Я приходил в класс и садился на стул возле окна. А на противоположной стене был твой портрет, с твоими ямочками и каштановыми волосами. Да, они мне нравятся именно каштановыми, когда ты их немножко, как на этой картине, примочишь. В чьей-нибудь чужой ванной.
Ты должна знать, что мы с тобой ни разу не встречались. Я нашёл тебя по единственному портрету, который попал на стену, когда упал предыдущий. Это старое лицо было решено не восстанавливать. И вот теперь, на его месте ты.
Я не знаю, кто ты есть, не знаю что в жизни являет собой та модель, лицо которой висит здесь. Я назвал тебя моделью, прости. Конечно же, ты талантливая спортсменка.
Тут рядом сидит та, что похожа на тебя. Это сходство уже все заметили. Но она мне совсем не нравится, ведь ты совершенно другая.
Мне кажется, что ты нарисована акварелью. Хотя я боюсь подойти и потрогать, но всё-таки меня не покидает чувство, что это акварель, потому что лицо твоё бледновато. Не то что приторный масляный портрет, даже выдающий в себе плакат, который висел до тебя. Бледноватая акварель, проявившая луноликий анфас, никогда не будет куражить взоры посетителей великих музеев. Но и наплевать. Всё равно этот портрет такой детский, забавный, непосредственный, только первой пробы, но видно, что он настоящий.
А сейчас, так уж и быть, я выдам, чем ты стала для меня.
Каждый раз твоё лицо без твоего ведома спрашивает у меня: "Можно я стану твоей тоской?" И я ему разрешаю. Каждый раз я прохожу мимо тебя к двери, среди десятка лиц, и мне кажется, что твой насмешливый взгляд сопровождает меня. И это чувство сотрясает меня. Я знаю: самое живое из всех этих простуженных лиц - это лицо на портрете.
Также знаю, что по ночам, когда я засыпаю, ты мигом ступаешь через рамку и начинаешь гулять по кабинету. И мне никогда не узнать, с кем ты там сумерничаешь, пока я сплю. Возможно, твои спутники это серые тени под плинтусом? Я надеюсь на это...
Кабинет, о котором я рассказываю, это самый большой кабинет. И в нём больше всего тоски, ведь всё так далеко в нём. В нём мне остаётся недосягаем твой запах, здесь веет только акварелью. Я даже чую эти тёплые воздушные пятна. Иногда я набиваю ноздри этим ароматом.

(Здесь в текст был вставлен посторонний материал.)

lemma delta1_min_iff:
  assumes "simplex 1 r w"
  shows "delta1_min r w \<longleftrightarrow> 2 \<le> r \<or> (r = 1 \<and> w 0 1 = w 1 1)"
proof -
  have "(\<forall>j. w p j = w (Suc p) j) \<longleftrightarrow> w p 1 = w (Suc p) 1" for p
    using simplex_bounds[OF assms] by (metis le_antisym)
  then have "delta1_min r w \<longleftrightarrow> (\<exists>p<r. w p 1 = w (Suc p) 1)"
    by (auto simp: delta1_min_def degenerate_def)
  moreover have "\<exists>p<r. w p 1 = w (Suc p) 1" if "2 \<le> r"
  proof (cases "w 0 1 = w 1 1")
    case False
    then have "w 1 1" using simplex_mono[OF assms, of 0 1 1] that by auto
    then have "w 2 1" using simplex_mono[OF assms, of 1 2 1] that by auto
    then show ?thesis using \<open>w 1 1\<close> that by (intro exI[of _ 1]) (simp add: numeral_2_eq_2)
  qed (use that in \<open>auto intro!: exI[of _ 0]\<close>)
  moreover have "r < 2 \<Longrightarrow> (\<exists>p<r. w p 1 = w (Suc p) 1) \<longleftrightarrow> r = 1 \<and> w 0 1 = w 1 1"
    by (auto simp: less_2_cases_iff)
  ultimately show ?thesis by (cases "2 \<le> r") auto
qed

lemma delta1_min_restr_right_part:
  assumes "simplex (m + 1) r v" "i \<le> r"
  shows "delta1_min (r - i) (restr i r (right_part m v)) \<longleftrightarrow>
           i + 2 \<le> r \<or> (i + 1 = r \<and> \<not> jumps_at v (m + 1) r)"
proof -
  have "v i (m + 1) \<Longrightarrow> v r (m + 1)" using simplex_mono[OF assms(1)] assms(2) by blast
  moreover have "i + 2 \<le> r \<longleftrightarrow> 2 \<le> r - i" "i + 1 = r \<longleftrightarrow> r - i = 1" using assms(2) by auto
  ultimately show ?thesis
    using delta1_min_iff[OF simplex_restr_right_part[OF assms]]
    by (auto simp: restr_def right_part_def jumps_at_def)
qed

lemma gray_pow_iff_not_jump_chain:
  "simplex N r v \<Longrightarrow> gray_pow N r v \<longleftrightarrow> \<not> jump_chain (jumps_at v) 0 N 0 r"
proof (induction N arbitrary: r v)
  case (Suc k)
  let ?J = "jumps_at v"
  have "simplex (k + 1) r v" using Suc.prems by simp
  have "gray_pow (Suc k) r v \<longleftrightarrow>
        (\<forall>i\<le>r. \<not> jump_chain ?J 0 k 0 i \<or> i + 2 \<le> r \<or> (i + 1 = r \<and> \<not> ?J (k + 1) r))"
    using Suc.IH[OF simplex_restr_left_part[OF \<open>simplex (k + 1) r v\<close>]]
      delta1_min_restr_right_part[OF \<open>simplex (k + 1) r v\<close>]
    by (auto simp: gray_def jump_chain_restr_left_part)
  also have "\<dots> \<longleftrightarrow> \<not> (\<exists>i\<le>r. jump_chain ?J 0 k 0 i \<and> r < i + 2 \<and> (i + 1 = r \<longrightarrow> ?J (Suc k) r))"
    by auto
  finally show ?case by (simp only: jump_chain_Suc_from_zero)
qed auto

lemma all_splits_blocked_iff:
  assumes chain: "jump_chain J 0 N 0 r" and "1 \<le> m" "m \<le> N"
  shows "(\<forall>i\<le>r. \<not> jump_chain J 0 m 0 i \<or> (i = m \<and> (\<forall>j\<in>{1..m}. J j j)) \<or> \<not> jump_chain J m N i r)
         \<longleftrightarrow> m \<le> r \<and> (\<forall>j\<in>{1..m}. J j j) \<and> \<not> jump_chain J m N (m - 1) r"
    (is "(\<forall>i\<le>r. ?blocked i) \<longleftrightarrow> _")
proof
  assume blocked: "\<forall>i\<le>r. ?blocked i"
  obtain k where "k \<le> r" "jump_chain J 0 m 0 k" "jump_chain J m N k r"
    using jump_chain_split[OF chain _ \<open>m \<le> N\<close>] by auto
  with blocked have "m \<le> r" and diagonal: "\<forall>j\<in>{1..m}. J j j" by auto
  have "jump_chain J 0 m 0 (m - 1)"
    using jump_chain_diagonal[of "m - 1" J] diagonal by (auto intro: jump_chain_mono_upper)
  moreover have "m - 1 \<le> r" "m - 1 \<noteq> m" using \<open>m \<le> r\<close> \<open>1 \<le> m\<close> by auto
  ultimately have "\<not> jump_chain J m N (m - 1) r" using blocked by blast
  with \<open>m \<le> r\<close> diagonal show "m \<le> r \<and> (\<forall>j\<in>{1..m}. J j j) \<and> \<not> jump_chain J m N (m - 1) r" by blast
next
  assume "m \<le> r \<and> (\<forall>j\<in>{1..m}. J j j) \<and> \<not> jump_chain J m N (m - 1) r"
  then have diagonal: "\<forall>j\<in>{1..m}. J j j" and no_chain: "\<not> jump_chain J m N (m - 1) r" by auto
  show "\<forall>i\<le>r. ?blocked i"
  proof (intro allI impI)
    fix i assume "i \<le> r"
    show "?blocked i"
    proof (cases "jump_chain J 0 m 0 i")
      case True
      then have "i \<le> m" using jump_chain_length by fastforce
      then consider "i = m" | "i \<le> m - 1" by linarith
      then show ?thesis
      proof cases
        case 2
        then have "\<not> jump_chain J m N i r" using no_chain jump_chain_mono_lower by blast
        then show ?thesis by simp
      qed (use diagonal in simp)
    qed simp
  qed
qed

lemma eq_iota_iff:
  assumes "simplex m m w"
  shows "w = iota m \<longleftrightarrow> (\<forall>j\<in>{1..m}. jumps_at w j j)"
proof
  assume diagonal: "\<forall>j\<in>{1..m}. jumps_at w j j"
  show "w = iota m"
  proof (intro ext iffI)
    fix p j assume "w p j"
    moreover have "j \<le> p"
    proof (rule ccontr)
      assume "\<not> j \<le> p"
      moreover have "j - 1 \<le> m" using simplex_bounds[OF assms \<open>w p j\<close>] by linarith
      ultimately have "w (j - 1) j" using simplex_mono[OF assms _ _ \<open>w p j\<close>] by simp
      with diagonal show False using simplex_bounds[OF assms \<open>w p j\<close>] by (auto simp: jumps_at_def)
    qed
    ultimately show "iota m p j" using simplex_bounds[OF assms] by (simp add: iota_def)
  next
    fix p j assume "iota m p j"
    then show "w p j"
      using diagonal simplex_mono[OF assms, of j p j] by (auto simp: iota_def jumps_at_def)
  qed
qed (auto simp: iota_def jumps_at_def)

lemma gray_pow_e_restr_left_part_iff:
  assumes "simplex (m + n) r v" "i \<le> r"
  shows "gray_pow_e m i (restr 0 i (left_part m v)) \<longleftrightarrow>
           \<not> jump_chain (jumps_at v) 0 m 0 i \<or> (i = m \<and> (\<forall>j\<in>{1..m}. jumps_at v j j))"
proof -
  have simplex: "simplex m i (restr 0 i (left_part m v))"
    by (rule simplex_restr_left_part[OF assms])
  have "restr 0 m (left_part m v) = iota m \<longleftrightarrow> (\<forall>j\<in>{1..m}. jumps_at v j j)" if "i = m"
    using eq_iota_iff[of m "restr 0 m (left_part m v)"] simplex that
    by (auto simp: jumps_at_def restr_def left_part_def)
  then show ?thesis
    using gray_pow_iff_not_jump_chain[OF simplex]
    by (auto simp: gray_pow_e_def jump_chain_restr_left_part)
qed

lemma gray_gray_pow_e_gray_pow_iff:
  assumes "simplex (m + n) r v"
  shows "gray (gray_pow_e m) m (gray_pow n) r v \<longleftrightarrow>
    (\<forall>i\<le>r. \<not> jump_chain (jumps_at v) 0 m 0 i \<or> (i = m \<and> (\<forall>j\<in>{1..m}. jumps_at v j j))
           \<or> \<not> jump_chain (jumps_at v) m (m + n) i r)"
  using gray_pow_e_restr_left_part_iff[OF assms]
    gray_pow_iff_not_jump_chain[OF simplex_restr_right_part[OF assms]]
  by (auto simp: gray_def jump_chain_restr_right_part)

lemma exists_phi_seq_iff_jump_chain:
  assumes "simplex (m + n) r v" "1 \<le> m" "m \<le> r"
  shows "(\<exists>s :: nat \<Rightarrow> nat. m < s m \<and> s r \<le> m + n \<and>
            (\<forall>p q. m \<le> p \<and> p < q \<and> q \<le> r \<longrightarrow> s p < s q) \<and>
            (\<forall>p\<in>{m..r}. phi r v (s p) = Fin p))
         \<longleftrightarrow> jump_chain (jumps_at v) m (m + n) (m - 1) r"
proof -
  have "phi r v (s p) = Fin p \<longleftrightarrow> jumps_at v (s p) p" if "p \<in> {m..r}" for s p
    using phi_eq_Fin_iff[OF assms(1)] that assms(2) by auto
  then show ?thesis
    using jump_chain_iff_seq[of "m - 1" r "jumps_at v" m "m + n"] assms(2,3)
    by (auto simp: strict_mono_on_def)
qed

theorem lemma6p5:
  fixes m n r :: nat and v :: "nat \<Rightarrow> nat \<Rightarrow> bool"
  assumes "1 \<le> m"
    and "simplex (m + n) r v"
    and "\<not> gray_pow (m + n) r v"
  shows "gray (gray_pow_e m) m (gray_pow n) r v \<longleftrightarrow>
           (m \<le> r \<and>
            (\<forall>i\<in>{1..m}. phi r v i = Fin i) \<and>
            \<not> (\<exists>s :: nat \<Rightarrow> nat.
                  m < s m \<and> s r \<le> m + n \<and>
                  (\<forall>p q. m \<le> p \<and> p < q \<and> q \<le> r \<longrightarrow> s p < s q) \<and>
                  (\<forall>p\<in>{m..r}. phi r v (s p) = Fin p)))"
proof -
  let ?J = "jumps_at v"
  have chain: "jump_chain ?J 0 (m + n) 0 r"
    using gray_pow_iff_not_jump_chain[OF assms(2)] assms(3) by simp
  have "gray (gray_pow_e m) m (gray_pow n) r v \<longleftrightarrow>
    (\<forall>i\<le>r. \<not> jump_chain ?J 0 m 0 i \<or> (i = m \<and> (\<forall>j\<in>{1..m}. ?J j j)) \<or> \<not> jump_chain ?J m (m + n) i r)"
    by (rule gray_gray_pow_e_gray_pow_iff[OF assms(2)])
  also have "\<dots> \<longleftrightarrow> m \<le> r \<and> (\<forall>j\<in>{1..m}. ?J j j) \<and> \<not> jump_chain ?J m (m + n) (m - 1) r"
    by (rule all_splits_blocked_iff[OF chain assms(1)]) simp
  also have "\<dots> \<longleftrightarrow> m \<le> r \<and> (\<forall>i\<in>{1..m}. phi r v i = Fin i) \<and> \<not> jump_chain ?J m (m + n) (m - 1) r"
    using phi_eq_Fin_iff[OF assms(2)] by (intro conj_cong refl ball_cong) auto
  finally show ?thesis using exists_phi_seq_iff_jump_chain[OF assms(2,1)] by blast
qed

end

За то время, что висит здесь твоя улыбка, мне всё стало родным в тебе, кроме тебя. Это звучит странно, но я тебя не знаю, и ты меня подавно. Но мне всё стало родным: твоя улыбка - мне грустному, твои достижения - мне развенчанному, даже твои кеды - под мои грязные ступни. А я бы, я бы ничего не дал тебе. Поэтому ты усмехаешься над уродливым плебеем и его подвалом с каждого портрета, которых тут теперь десятки штук по стенам. Этот кабинет стал твоей выставкой, где ничего не знают о том, на что смотрят. И даже боятся приблизиться к портрету, чтобы проверить акварельный ли он.
Теперь их развешивают здесь, чтобы позлить меня, и не знают эти пекари, что когда-нибудь этому придёт конец, ведь я каждый раз проваливаюсь в твои ямочки...
Но знай теперь главное - то, о чём я обещал сказать. Знай, если бы ты меня знала, ты была бы безмерно права, презирая меня, потому что я тебя погубил.
Однажды я увидел соринку на твоём портрете. Меня это привело в бешенство - какой-то вандал посмел осквернить эту акварель! Тогда я принялся оттирать мушку с твоей щеки, прямо над ямочкой. Но та вцепилась и никак не сходит! Тогда я взял шершавую губку и начал тереть холст.
Я не так представлял наше первое соприкосновение! Но что поделать? И вот я с ужасом увидел, что под губкой, на месте твоего лица, круговорот, смерч и центрифуга. Сплошным пятном заплыл твой портрет. А на губке осталась впитавшаяся акварель, которую я по капле выжимаю теперь сюда, чтобы снова нарисовать тебя по памяти, по больной памяти!..
Но самое страшное, что сюда принесут новый портрет, и я не знаю, как переживу ещё одну замену.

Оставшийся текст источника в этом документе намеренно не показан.